The task >> Please output each line of the data exactly as it appears.

Provided data >>
lemma gain_ge: "gain > 0" "\<beta> * L \<le> gain" "\<beta>\<^sup>2 * L \<le> gain" "\<beta> ^ 3 * L \<le> gain"
proof -
  have "\<beta> \<le> \<beta>\<^sup>2" "\<beta>\<^sup>2 \<le> \<beta> ^ 3"
    using beta_ge_1 by (simp_all add: power2_eq_square power3_eq_cube)
  then show "\<beta> * L \<le> gain" "\<beta>\<^sup>2 * L \<le> gain" "\<beta> ^ 3 * L \<le> gain"
    unfolding gain_def using L_nonneg by (smt (verit) mult_right_mono)+
  show "gain > 0"
    unfolding gain_def using L_nonneg beta_ge_1 by (intro add_nonneg_pos mult_nonneg_nonneg) auto
qed

lemma weight_pos: "weight > 0"
  unfolding weight_def using mu_pos by (simp add: add_nonneg_pos)

lemma tau_star_ge: "tau_star \<ge> 1" "4 * gain \<le> tau_star" "4 * weight * gain\<^sup>2 / \<mu> \<le> tau_star"
proof -
  have "0 \<le> 4 * weight * gain\<^sup>2 / \<mu>" "0 \<le> 4 * gain"
    using weight_pos mu_pos gain_ge(1) by simp_all
  then show "tau_star \<ge> 1" "4 * gain \<le> tau_star" "4 * weight * gain\<^sup>2 / \<mu> \<le> tau_star"
    unfolding tau_star_def by linarith+
qed

lemma transpose_B_G_diff_le: "norm (transpose B *v (G x - G y)) \<le> \<beta> * L * norm (x - y)"
proof -
  have "norm (transpose B *v (G x - G y)) \<le> \<beta> * norm (G x - G y)"
    by (rule transpose_B_bound)
  also have "\<dots> \<le> \<beta> * (L * norm (x - y))"
    using G_lipschitz beta_ge_1 by (intro mult_left_mono) auto
  finally show ?thesis
    by (simp add: mult.assoc)
qed

lemma gradient_norm_le:
  "norm (transpose B *v G x) \<le> \<beta> * L * (norm (x - B *v u) + \<beta> * norm (u - us))"
proof -
  have "norm (transpose B *v G x) = norm (transpose B *v (G x - G (B *v us)))"
    using equilibrium by (simp add: matrix_vector_mult_diff_distrib)
  also have "\<dots> \<le> \<beta> * L * norm (x - B *v us)"
    by (rule transpose_B_G_diff_le)
  also have "\<dots> \<le> \<beta> * L * (norm (x - B *v u) + \<beta> * norm (u - us))"
  proof (rule mult_left_mono)
    show "norm (x - B *v us) \<le> norm (x - B *v u) + \<beta> * norm (u - us)"
      using norm_triangle_ineq[of "x - B *v u" "B *v (u - us)"] B_bound[of "u - us"]
      by (simp add: matrix_vector_mult_diff_distrib)
    show "0 \<le> \<beta> * L"
      using beta_ge_1 L_nonneg by simp
  qed
  finally show ?thesis .
qed

lemma gradient_inner_ge:
  "(u - us) \<bullet> (transpose B *v G x)
     \<ge> \<mu> * (norm (u - us))\<^sup>2 - \<beta> * L * norm (u - us) * norm (x - B *v u)"
proof -
  have split: "transpose B *v G x = transpose B *v (G x - G (B *v u)) +
      (transpose B *v G (B *v u) - transpose B *v G (B *v us))"
    using equilibrium by (simp add: matrix_vector_mult_diff_distrib)
  have "\<bar>(u - us) \<bullet> (transpose B *v (G x - G (B *v u)))\<bar>
      \<le> norm (u - us) * norm (transpose B *v (G x - G (B *v u)))"
    by (rule Cauchy_Schwarz_ineq2)
  also have "\<dots> \<le> norm (u - us) * (\<beta> * L * norm (x - B *v u))"
    by (intro mult_left_mono transpose_B_G_diff_le) simp
  finally have "- (\<beta> * L * norm (u - us) * norm (x - B *v u))
      \<le> (u - us) \<bullet> (transpose B *v (G x - G (B *v u)))"
    by (simp add: abs_le_iff ac_simps)
  moreover have "\<mu> * (norm (u - us))\<^sup>2
      \<le> (u - us) \<bullet> (transpose B *v G (B *v u) - transpose B *v G (B *v us))"
    using strongly_monotone[of u us] by (simp add: inner_commute)
  ultimately show ?thesis
    unfolding split inner_add_right by linarith
qed

lemma input_rate_norm_le:
  assumes "\<And>i. tau_star \<le> tau i"
  shows "norm (input_rate au tau x) \<le> norm (transpose B *v G x) / tau_star"
proof -
  have "\<bar>- (1 / tau (au l))\<bar> \<le> 1 / tau_star" for l
    using assms[of "au l"] tau_star_ge(1) by (simp add: frac_le)
  from norm_scale_components_le[of "\<lambda>l. - (1 / tau (au l))", OF this]
  show ?thesis
    unfolding input_rate_def by simp
qed

lemma weighted_sum_input_rate:
  assumes "\<And>i. tau i > 0"
  shows "(\<Sum>l\<in>UNIV. tau (au l) * (e $ l * input_rate au tau x $ l)) = - (e \<bullet> (transpose B *v G x))"
proof -
  have "tau (au l) * (e $ l * input_rate au tau x $ l) = - (e $ l * (transpose B *v G x) $ l)" for l
    using assms[of "au l"] unfolding input_rate_def by (simp add: field_simps)
  then show ?thesis
    by (simp add: inner_vec_def sum_negf)
qed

Written answer >>
lemma gain_ge: "gain > 0" "\<beta> * L \<le> gain" "\<beta>\<^sup>2 * L \<le> gain" "\<beta> ^ 3 * L \<le> gain"
proof -
  have "\<beta> \<le> \<beta>\<^sup>2" "\<beta>\<^sup>2 \<le> \<beta> ^ 3"
    using beta_ge_1 by (simp_all add: power2_eq_square power3_eq_cube)
  then show "\<beta> * L \<le> gain" "\<beta>\<^sup>2 * L \<le> gain" "\<beta> ^ 3 * L \<le> gain"
    unfolding gain_def using L_nonneg by (smt (verit) mult_right_mono)+
  show "gain > 0"
    unfolding gain_def using L_nonneg beta_ge_1 by (intro add_nonneg_pos mult_nonneg_nonneg) auto
qed

lemma weight_pos: "weight > 0"
  unfolding weight_def using mu_pos by (simp add: add_nonneg_pos)

lemma tau_star_ge: "tau_star \<ge> 1" "4 * gain \<le> tau_star" "4 * weight * gain\<^sup>2 / \<mu> \<le> tau_star"
proof -
  have "0 \<le> 4 * weight * gain\<^sup>2 / \<mu>" "0 \<le> 4 * gain"
    using weight_pos mu_pos gain_ge(1) by simp_all
  then show "tau_star \<ge> 1" "4 * gain \<le> tau_star" "4 * weight * gain\<^sup>2 / \<mu> \<le> tau_star"
    unfolding tau_star_def by linarith+
qed

lemma transpose_B_G_diff_le: "norm (transpose B *v (G x - G y)) \<le> \<beta> * L * norm (x - y)"
proof -
  have "norm (transpose B *v (G x - G y)) \<le> \<beta> * norm (G x - G y)"
    by (rule transpose_B_bound)
  also have "\<dots> \<le> \<beta> * (L * norm (x - y))"
    using G_lipschitz beta_ge_1 by (intro mult_left_mono) auto
  finally show ?thesis
    by (simp add: mult.assoc)
qed

lemma gradient_norm_le:
  "norm (transpose B *v G x) \<le> \<beta> * L * (norm (x - B *v u) + \<beta> * norm (u - us))"
proof -
  have "norm (transpose B *v G x) = norm (transpose B *v (G x - G (B *v us)))"
    using equilibrium by (simp add: matrix_vector_mult_diff_distrib)
  also have "\<dots> \<le> \<beta> * L * norm (x - B *v us)"
    by (rule transpose_B_G_diff_le)
  also have "\<dots> \<le> \<beta> * L * (norm (x - B *v u) + \<beta> * norm (u - us))"
  proof (rule mult_left_mono)
    show "norm (x - B *v us) \<le> norm (x - B *v u) + \<beta> * norm (u - us)"
      using norm_triangle_ineq[of "x - B *v u" "B *v (u - us)"] B_bound[of "u - us"]
      by (simp add: matrix_vector_mult_diff_distrib)
    show "0 \<le> \<beta> * L"
      using beta_ge_1 L_nonneg by simp
  qed
  finally show ?thesis .
qed

lemma gradient_inner_ge:
  "(u - us) \<bullet> (transpose B *v G x)
     \<ge> \<mu> * (norm (u - us))\<^sup>2 - \<beta> * L * norm (u - us) * norm (x - B *v u)"
proof -
  have split: "transpose B *v G x = transpose B *v (G x - G (B *v u)) +
      (transpose B *v G (B *v u) - transpose B *v G (B *v us))"
    using equilibrium by (simp add: matrix_vector_mult_diff_distrib)
  have "\<bar>(u - us) \<bullet> (transpose B *v (G x - G (B *v u)))\<bar>
      \<le> norm (u - us) * norm (transpose B *v (G x - G (B *v u)))"
    by (rule Cauchy_Schwarz_ineq2)
  also have "\<dots> \<le> norm (u - us) * (\<beta> * L * norm (x - B *v u))"
    by (intro mult_left_mono transpose_B_G_diff_le) simp
  finally have "- (\<beta> * L * norm (u - us) * norm (x - B *v u))
      \<le> (u - us) \<bullet> (transpose B *v (G x - G (B *v u)))"
    by (simp add: abs_le_iff ac_simps)
  moreover have "\<mu> * (norm (u - us))\<^sup>2
      \<le> (u - us) \<bullet> (transpose B *v G (B *v u) - transpose B *v G (B *v us))"
    using strongly_monotone[of u us] by (simp add: inner_commute)
  ultimately show ?thesis
    unfolding split inner_add_right by linarith
qed

lemma input_rate_norm_le:
  assumes "\<And>i. tau_star \<le> tau i"
  shows "norm (input_rate au tau x) \<le> norm (transpose B *v G x) / tau_star"
proof -
  have "\<bar>- (1 / tau (au l))\<bar> \<le> 1 / tau_star" for l
    using assms[of "au l"] tau_star_ge(1) by (simp add: frac_le)
  from norm_scale_components_le[of "\<lambda>l. - (1 / tau (au l))", OF this]
  show ?thesis
    unfolding input_rate_def by simp
qed

lemma weighted_sum_input_rate:
  assumes "\<And>i. tau i > 0"
  shows "(\<Sum>l\<in>UNIV. tau (au l) * (e $ l * input_rate au tau x $ l)) = - (e \<bullet> (transpose B *v G x))"
proof -
  have "tau (au l) * (e $ l * input_rate au tau x $ l) = - (e $ l * (transpose B *v G x) $ l)" for l
    using assms[of "au l"] unfolding input_rate_def by (simp add: field_simps)
  then show ?thesis
    by (simp add: inner_vec_def sum_negf)
qed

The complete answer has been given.